### Extracted entries
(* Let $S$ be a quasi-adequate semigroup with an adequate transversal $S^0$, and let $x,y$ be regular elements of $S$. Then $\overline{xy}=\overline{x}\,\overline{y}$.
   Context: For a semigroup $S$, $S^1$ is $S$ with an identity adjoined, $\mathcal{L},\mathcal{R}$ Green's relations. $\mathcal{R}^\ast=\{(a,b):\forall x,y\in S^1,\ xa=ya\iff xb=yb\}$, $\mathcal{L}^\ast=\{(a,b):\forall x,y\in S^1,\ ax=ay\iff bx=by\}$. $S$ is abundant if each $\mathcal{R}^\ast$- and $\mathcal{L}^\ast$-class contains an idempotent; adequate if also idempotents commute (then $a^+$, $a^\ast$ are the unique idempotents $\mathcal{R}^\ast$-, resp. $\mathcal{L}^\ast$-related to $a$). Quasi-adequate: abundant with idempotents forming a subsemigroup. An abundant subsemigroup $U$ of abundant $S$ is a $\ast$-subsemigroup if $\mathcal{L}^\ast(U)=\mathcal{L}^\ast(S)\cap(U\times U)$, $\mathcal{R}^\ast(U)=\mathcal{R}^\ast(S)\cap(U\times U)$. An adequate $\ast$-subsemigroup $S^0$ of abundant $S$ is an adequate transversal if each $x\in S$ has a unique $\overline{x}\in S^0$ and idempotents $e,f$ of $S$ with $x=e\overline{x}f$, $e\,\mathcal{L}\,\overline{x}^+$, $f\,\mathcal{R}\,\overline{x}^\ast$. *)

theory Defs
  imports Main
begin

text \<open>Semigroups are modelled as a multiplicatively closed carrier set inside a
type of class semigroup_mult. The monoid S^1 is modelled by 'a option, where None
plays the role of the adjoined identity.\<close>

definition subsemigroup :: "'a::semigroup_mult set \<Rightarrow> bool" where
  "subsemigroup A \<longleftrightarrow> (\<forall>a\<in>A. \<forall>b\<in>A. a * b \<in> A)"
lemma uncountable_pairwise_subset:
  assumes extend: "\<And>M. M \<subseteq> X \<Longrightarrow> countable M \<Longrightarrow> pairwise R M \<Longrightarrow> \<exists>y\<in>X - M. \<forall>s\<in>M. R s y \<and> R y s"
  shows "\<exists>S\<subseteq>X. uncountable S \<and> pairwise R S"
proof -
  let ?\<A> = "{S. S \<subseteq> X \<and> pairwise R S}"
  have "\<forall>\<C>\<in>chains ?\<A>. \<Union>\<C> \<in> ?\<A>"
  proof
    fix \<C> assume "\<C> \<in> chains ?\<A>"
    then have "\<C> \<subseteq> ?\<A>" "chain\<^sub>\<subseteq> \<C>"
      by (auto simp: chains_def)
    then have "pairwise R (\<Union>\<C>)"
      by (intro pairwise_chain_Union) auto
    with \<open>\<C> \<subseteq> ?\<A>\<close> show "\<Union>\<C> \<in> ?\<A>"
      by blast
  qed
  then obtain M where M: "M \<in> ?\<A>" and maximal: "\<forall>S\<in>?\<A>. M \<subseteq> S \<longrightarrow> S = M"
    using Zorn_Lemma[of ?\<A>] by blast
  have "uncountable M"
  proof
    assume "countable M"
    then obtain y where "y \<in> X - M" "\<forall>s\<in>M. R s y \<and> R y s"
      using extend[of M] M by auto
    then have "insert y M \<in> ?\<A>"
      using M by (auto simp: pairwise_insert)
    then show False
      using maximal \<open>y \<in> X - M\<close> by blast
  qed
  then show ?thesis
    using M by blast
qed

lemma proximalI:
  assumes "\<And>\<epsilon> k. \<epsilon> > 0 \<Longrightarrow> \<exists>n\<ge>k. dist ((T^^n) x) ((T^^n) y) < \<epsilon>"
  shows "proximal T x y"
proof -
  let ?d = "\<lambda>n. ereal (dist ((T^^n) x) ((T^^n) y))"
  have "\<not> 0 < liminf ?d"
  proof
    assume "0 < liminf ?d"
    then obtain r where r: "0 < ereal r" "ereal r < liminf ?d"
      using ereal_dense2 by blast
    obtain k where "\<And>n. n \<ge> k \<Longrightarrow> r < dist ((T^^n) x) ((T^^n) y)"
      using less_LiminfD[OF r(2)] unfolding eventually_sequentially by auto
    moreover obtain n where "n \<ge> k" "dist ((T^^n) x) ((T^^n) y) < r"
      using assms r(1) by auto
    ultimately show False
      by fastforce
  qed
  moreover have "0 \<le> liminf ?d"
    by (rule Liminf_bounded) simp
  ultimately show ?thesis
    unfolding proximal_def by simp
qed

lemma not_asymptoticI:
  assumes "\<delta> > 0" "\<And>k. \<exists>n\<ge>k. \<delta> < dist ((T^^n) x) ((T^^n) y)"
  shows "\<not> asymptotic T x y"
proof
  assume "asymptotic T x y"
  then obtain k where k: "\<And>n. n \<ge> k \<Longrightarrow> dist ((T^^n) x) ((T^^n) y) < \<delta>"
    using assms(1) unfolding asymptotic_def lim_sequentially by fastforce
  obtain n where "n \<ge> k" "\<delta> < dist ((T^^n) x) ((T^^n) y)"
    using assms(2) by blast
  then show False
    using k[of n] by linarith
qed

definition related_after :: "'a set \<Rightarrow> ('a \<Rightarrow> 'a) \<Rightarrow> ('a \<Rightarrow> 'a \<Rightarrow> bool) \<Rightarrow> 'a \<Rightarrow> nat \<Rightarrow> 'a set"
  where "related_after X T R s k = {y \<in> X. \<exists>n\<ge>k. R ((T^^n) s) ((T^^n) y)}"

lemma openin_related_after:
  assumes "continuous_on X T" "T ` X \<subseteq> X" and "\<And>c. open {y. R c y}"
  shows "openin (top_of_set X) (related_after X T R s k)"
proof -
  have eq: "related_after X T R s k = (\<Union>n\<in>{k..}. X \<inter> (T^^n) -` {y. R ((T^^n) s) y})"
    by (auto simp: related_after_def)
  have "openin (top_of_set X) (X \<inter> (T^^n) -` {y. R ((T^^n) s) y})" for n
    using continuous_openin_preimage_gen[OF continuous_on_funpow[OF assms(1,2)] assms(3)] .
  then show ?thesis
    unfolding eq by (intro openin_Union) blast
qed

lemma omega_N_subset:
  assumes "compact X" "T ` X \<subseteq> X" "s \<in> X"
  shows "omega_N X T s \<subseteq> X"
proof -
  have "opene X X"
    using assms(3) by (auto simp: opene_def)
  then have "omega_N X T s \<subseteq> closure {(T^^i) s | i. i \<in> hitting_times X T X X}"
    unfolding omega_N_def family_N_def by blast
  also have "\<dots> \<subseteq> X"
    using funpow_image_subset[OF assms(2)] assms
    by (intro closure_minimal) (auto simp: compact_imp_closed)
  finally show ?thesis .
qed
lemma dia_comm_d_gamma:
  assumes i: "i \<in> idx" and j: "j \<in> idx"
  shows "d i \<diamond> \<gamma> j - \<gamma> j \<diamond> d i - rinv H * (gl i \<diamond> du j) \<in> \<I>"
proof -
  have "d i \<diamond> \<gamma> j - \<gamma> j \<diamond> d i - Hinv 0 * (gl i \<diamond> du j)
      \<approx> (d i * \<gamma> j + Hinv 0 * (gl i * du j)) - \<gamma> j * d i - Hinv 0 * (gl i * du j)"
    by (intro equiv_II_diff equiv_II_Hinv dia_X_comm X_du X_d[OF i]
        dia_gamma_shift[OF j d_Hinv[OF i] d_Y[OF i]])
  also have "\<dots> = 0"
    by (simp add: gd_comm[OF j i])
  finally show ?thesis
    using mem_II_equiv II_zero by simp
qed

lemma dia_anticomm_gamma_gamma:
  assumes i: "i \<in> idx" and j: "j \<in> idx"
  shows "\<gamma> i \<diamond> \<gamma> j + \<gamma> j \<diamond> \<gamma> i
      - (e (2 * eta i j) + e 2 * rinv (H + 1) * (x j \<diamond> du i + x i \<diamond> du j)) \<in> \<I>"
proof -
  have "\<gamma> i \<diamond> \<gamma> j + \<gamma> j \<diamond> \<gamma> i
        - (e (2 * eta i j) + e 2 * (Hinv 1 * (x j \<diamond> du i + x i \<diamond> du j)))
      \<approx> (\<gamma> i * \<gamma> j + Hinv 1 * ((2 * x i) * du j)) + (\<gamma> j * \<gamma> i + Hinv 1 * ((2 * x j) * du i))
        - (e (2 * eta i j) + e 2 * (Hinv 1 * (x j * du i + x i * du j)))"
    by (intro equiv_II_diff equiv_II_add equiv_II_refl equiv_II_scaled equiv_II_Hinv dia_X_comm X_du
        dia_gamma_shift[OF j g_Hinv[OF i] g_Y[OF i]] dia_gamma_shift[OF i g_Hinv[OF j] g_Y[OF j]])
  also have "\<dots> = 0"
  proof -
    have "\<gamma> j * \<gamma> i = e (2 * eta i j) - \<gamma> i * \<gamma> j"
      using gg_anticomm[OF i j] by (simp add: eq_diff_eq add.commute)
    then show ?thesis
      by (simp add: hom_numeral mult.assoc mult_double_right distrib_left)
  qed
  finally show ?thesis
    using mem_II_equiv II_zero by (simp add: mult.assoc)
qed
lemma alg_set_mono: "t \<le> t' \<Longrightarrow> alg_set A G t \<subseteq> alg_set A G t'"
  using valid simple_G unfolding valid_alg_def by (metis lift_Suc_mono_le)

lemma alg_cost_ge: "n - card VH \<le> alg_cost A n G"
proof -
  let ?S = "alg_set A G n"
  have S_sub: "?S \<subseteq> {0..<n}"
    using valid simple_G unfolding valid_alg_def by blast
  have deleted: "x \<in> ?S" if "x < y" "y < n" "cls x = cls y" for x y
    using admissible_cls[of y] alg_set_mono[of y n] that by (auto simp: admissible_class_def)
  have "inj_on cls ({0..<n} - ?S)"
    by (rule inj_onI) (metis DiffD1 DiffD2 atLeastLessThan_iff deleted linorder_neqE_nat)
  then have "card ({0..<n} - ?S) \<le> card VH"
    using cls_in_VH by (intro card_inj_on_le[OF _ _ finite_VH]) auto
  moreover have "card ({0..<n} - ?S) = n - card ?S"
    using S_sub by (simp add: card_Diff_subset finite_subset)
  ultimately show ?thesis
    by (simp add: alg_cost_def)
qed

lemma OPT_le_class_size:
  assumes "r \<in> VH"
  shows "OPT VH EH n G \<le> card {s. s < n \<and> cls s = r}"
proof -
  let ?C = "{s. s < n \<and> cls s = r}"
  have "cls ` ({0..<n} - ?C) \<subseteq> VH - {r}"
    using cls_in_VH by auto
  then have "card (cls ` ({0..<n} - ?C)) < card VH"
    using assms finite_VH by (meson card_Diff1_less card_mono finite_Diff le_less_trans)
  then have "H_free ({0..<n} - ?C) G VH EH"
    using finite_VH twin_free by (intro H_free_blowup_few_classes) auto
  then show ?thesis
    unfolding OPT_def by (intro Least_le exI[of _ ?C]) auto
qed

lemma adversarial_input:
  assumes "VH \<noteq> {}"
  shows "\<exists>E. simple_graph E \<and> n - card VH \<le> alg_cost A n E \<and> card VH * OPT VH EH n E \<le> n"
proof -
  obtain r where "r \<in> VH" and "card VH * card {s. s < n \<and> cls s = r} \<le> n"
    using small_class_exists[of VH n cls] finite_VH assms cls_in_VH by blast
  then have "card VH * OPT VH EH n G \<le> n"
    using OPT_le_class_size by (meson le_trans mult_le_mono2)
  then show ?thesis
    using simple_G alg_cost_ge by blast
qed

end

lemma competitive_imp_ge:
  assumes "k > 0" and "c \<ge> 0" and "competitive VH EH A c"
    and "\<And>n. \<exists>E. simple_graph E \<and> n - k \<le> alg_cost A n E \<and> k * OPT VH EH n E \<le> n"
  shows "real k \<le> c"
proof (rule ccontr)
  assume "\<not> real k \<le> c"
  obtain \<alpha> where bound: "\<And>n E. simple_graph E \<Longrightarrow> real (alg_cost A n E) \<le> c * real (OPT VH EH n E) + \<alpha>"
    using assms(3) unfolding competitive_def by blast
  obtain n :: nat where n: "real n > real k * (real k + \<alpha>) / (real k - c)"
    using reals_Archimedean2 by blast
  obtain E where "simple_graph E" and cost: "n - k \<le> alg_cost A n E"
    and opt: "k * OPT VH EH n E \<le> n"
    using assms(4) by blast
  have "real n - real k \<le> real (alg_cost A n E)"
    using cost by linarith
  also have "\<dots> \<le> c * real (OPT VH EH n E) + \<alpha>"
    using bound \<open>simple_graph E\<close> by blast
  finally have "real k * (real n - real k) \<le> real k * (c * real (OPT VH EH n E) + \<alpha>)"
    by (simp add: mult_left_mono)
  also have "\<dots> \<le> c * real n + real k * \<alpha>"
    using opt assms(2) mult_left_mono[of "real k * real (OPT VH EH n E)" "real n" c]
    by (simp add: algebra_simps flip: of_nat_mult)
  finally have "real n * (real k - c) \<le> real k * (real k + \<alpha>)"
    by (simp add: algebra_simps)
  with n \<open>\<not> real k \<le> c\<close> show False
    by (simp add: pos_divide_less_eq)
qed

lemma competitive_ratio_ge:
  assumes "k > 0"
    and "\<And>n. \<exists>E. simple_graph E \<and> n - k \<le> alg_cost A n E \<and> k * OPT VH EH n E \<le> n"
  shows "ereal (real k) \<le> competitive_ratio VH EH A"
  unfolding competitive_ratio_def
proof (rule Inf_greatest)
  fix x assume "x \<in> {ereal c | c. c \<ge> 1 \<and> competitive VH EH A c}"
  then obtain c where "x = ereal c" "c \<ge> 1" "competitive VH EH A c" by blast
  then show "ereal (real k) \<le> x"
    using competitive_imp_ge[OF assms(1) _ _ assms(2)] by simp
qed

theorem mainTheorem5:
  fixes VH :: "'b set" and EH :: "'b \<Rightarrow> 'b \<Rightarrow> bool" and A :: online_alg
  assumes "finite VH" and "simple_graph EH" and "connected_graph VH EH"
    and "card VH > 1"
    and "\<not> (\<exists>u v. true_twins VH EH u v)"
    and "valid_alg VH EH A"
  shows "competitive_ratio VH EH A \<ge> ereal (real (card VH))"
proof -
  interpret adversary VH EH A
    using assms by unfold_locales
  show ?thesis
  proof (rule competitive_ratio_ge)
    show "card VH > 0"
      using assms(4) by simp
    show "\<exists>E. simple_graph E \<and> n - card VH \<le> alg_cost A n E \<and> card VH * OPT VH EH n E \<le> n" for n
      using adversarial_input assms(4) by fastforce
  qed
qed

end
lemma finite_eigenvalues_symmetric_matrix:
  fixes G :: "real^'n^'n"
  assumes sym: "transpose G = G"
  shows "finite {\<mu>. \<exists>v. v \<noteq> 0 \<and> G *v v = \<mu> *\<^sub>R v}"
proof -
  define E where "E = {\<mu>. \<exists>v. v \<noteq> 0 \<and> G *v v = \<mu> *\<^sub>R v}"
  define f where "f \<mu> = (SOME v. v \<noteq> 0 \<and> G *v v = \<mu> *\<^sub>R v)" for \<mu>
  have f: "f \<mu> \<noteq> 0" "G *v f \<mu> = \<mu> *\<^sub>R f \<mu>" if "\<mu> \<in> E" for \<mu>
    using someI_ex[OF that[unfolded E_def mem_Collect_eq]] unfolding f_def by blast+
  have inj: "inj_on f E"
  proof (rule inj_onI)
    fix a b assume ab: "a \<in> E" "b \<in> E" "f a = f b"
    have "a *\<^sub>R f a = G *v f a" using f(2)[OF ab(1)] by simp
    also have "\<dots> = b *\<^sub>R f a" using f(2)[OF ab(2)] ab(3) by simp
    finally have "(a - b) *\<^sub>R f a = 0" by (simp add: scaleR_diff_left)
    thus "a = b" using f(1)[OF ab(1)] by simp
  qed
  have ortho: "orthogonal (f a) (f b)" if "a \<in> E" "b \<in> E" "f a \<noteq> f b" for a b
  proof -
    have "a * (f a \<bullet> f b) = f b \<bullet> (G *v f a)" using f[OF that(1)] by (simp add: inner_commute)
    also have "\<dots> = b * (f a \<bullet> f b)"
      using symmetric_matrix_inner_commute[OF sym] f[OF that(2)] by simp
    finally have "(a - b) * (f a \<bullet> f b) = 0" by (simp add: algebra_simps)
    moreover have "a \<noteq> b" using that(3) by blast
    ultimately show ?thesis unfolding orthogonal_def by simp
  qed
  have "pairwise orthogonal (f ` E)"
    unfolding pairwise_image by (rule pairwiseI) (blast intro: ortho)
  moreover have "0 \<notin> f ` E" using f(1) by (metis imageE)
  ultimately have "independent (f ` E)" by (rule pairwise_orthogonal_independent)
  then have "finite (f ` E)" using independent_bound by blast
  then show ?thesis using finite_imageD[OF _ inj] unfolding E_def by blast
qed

### Your assignment
Will you return exactly the lines above from the one with "X. \<exists>n\<ge>k. R" down to the one with "j)) - \<gamma>", counting both as part of the range?

### Completed exercise
  where "related_after X T R s k = {y \<in> X. \<exists>n\<ge>k. R ((T^^n) s) ((T^^n) y)}"

lemma openin_related_after:
  assumes "continuous_on X T" "T ` X \<subseteq> X" and "\<And>c. open {y. R c y}"
  shows "openin (top_of_set X) (related_after X T R s k)"
proof -
  have eq: "related_after X T R s k = (\<Union>n\<in>{k..}. X \<inter> (T^^n) -` {y. R ((T^^n) s) y})"
    by (auto simp: related_after_def)
  have "openin (top_of_set X) (X \<inter> (T^^n) -` {y. R ((T^^n) s) y})" for n
    using continuous_openin_preimage_gen[OF continuous_on_funpow[OF assms(1,2)] assms(3)] .
  then show ?thesis
    unfolding eq by (intro openin_Union) blast
qed

lemma omega_N_subset:
  assumes "compact X" "T ` X \<subseteq> X" "s \<in> X"
  shows "omega_N X T s \<subseteq> X"
proof -
  have "opene X X"
    using assms(3) by (auto simp: opene_def)
  then have "omega_N X T s \<subseteq> closure {(T^^i) s | i. i \<in> hitting_times X T X X}"
    unfolding omega_N_def family_N_def by blast
  also have "\<dots> \<subseteq> X"
    using funpow_image_subset[OF assms(2)] assms
    by (intro closure_minimal) (auto simp: compact_imp_closed)
  finally show ?thesis .
qed
lemma dia_comm_d_gamma:
  assumes i: "i \<in> idx" and j: "j \<in> idx"
  shows "d i \<diamond> \<gamma> j - \<gamma> j \<diamond> d i - rinv H * (gl i \<diamond> du j) \<in> \<I>"
proof -
  have "d i \<diamond> \<gamma> j - \<gamma> j \<diamond> d i - Hinv 0 * (gl i \<diamond> du j)
      \<approx> (d i * \<gamma> j + Hinv 0 * (gl i * du j)) - \<gamma> j * d i - Hinv 0 * (gl i * du j)"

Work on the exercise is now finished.